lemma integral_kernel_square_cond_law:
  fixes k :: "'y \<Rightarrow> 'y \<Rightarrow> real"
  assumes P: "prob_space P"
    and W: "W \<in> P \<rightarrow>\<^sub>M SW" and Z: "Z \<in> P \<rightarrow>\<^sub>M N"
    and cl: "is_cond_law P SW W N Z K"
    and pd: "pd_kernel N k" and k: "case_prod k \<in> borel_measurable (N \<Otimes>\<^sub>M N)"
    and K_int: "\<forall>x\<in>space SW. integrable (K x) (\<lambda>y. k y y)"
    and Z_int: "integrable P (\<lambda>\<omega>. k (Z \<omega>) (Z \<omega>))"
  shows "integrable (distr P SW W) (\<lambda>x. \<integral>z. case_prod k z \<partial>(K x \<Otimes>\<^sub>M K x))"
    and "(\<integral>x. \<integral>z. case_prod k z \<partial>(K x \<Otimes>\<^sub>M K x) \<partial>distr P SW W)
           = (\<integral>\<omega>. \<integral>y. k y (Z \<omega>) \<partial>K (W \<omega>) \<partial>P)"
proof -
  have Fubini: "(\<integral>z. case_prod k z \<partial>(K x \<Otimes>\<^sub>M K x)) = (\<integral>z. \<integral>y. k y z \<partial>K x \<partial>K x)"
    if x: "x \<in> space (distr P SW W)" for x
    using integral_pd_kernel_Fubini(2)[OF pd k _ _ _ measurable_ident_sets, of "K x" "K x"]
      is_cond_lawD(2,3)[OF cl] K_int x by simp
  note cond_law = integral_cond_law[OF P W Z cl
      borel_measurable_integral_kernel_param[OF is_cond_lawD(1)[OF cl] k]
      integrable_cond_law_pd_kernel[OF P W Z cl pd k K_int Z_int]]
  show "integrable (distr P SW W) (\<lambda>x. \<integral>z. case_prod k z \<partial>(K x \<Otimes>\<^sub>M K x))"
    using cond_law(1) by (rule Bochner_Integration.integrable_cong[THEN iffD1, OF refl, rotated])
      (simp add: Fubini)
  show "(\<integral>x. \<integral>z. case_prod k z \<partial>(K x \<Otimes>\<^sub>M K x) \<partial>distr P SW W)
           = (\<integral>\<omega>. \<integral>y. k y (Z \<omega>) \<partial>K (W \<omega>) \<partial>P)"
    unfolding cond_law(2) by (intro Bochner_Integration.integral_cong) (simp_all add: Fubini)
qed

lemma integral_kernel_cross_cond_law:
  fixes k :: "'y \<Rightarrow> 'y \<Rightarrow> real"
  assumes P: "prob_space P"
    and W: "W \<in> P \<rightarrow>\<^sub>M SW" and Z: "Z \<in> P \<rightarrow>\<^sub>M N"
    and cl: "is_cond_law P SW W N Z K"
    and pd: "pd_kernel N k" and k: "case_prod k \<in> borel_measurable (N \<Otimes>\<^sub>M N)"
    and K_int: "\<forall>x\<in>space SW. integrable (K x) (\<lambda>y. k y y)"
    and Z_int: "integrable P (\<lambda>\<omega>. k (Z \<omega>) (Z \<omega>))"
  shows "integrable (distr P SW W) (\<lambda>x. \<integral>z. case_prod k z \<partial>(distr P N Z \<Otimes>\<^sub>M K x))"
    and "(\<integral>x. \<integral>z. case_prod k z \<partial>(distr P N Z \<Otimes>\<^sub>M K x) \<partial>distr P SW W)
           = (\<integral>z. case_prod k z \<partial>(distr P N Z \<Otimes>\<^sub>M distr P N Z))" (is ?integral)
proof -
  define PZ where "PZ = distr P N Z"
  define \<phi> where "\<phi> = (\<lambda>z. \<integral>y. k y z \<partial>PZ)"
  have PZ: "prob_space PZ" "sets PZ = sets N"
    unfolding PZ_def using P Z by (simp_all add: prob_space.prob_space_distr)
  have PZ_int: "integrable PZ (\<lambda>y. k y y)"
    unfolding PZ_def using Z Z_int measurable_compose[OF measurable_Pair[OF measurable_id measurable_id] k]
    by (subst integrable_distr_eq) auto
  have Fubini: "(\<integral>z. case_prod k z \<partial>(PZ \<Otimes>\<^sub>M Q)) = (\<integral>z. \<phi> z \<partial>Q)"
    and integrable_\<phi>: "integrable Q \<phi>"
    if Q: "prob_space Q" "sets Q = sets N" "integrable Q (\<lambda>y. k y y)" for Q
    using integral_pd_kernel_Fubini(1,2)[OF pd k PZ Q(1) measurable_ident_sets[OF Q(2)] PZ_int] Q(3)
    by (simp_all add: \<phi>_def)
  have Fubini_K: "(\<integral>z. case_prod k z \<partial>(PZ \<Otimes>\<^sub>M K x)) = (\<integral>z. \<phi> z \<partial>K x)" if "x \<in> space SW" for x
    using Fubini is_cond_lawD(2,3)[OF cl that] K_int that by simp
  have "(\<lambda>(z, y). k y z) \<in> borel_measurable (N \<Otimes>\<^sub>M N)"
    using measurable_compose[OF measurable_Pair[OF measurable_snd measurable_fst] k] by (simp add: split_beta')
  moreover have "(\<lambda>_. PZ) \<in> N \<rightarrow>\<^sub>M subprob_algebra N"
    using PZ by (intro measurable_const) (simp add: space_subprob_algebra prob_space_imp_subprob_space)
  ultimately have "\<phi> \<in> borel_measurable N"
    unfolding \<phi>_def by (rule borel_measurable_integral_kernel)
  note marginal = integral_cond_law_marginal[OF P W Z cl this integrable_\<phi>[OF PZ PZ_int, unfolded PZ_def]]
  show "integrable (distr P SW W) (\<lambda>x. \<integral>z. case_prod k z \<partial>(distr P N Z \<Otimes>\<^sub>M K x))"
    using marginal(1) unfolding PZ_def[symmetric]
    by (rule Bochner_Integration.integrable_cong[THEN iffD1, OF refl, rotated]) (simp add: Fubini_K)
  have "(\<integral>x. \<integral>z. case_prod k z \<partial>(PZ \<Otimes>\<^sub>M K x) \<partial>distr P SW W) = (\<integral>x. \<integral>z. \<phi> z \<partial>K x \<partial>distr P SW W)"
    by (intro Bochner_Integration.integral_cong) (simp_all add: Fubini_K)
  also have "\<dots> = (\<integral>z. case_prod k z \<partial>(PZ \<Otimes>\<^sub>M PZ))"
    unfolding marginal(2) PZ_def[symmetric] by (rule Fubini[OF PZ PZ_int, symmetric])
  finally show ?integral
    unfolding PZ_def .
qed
====
### TASK OBJECTIVE:
An exact, complete copy of the lines above from the one with "N Z \<Otimes>\<^sub>M K x) \<partial>distr" through the one with "PZ (\<lambda>y. k" is the whole answer.

### RESULT FOR THIS EXERCISE:
    and "(\<integral>x. \<integral>z. case_prod k z \<partial>(distr P N Z \<Otimes>\<^sub>M K x) \<partial>distr P SW W)
           = (\<integral>z. case_prod k z \<partial>(distr P N Z \<Otimes>\<^sub>M distr P N Z))" (is ?integral)
proof -
  define PZ where "PZ = distr P N Z"
  define \<phi> where "\<phi> = (\<lambda>z. \<integral>y. k y z \<partial>PZ)"
  have PZ: "prob_space PZ" "sets PZ = sets N"
    unfolding PZ_def using P Z by (simp_all add: prob_space.prob_space_distr)
  have PZ_int: "integrable PZ (\<lambda>y. k y y)"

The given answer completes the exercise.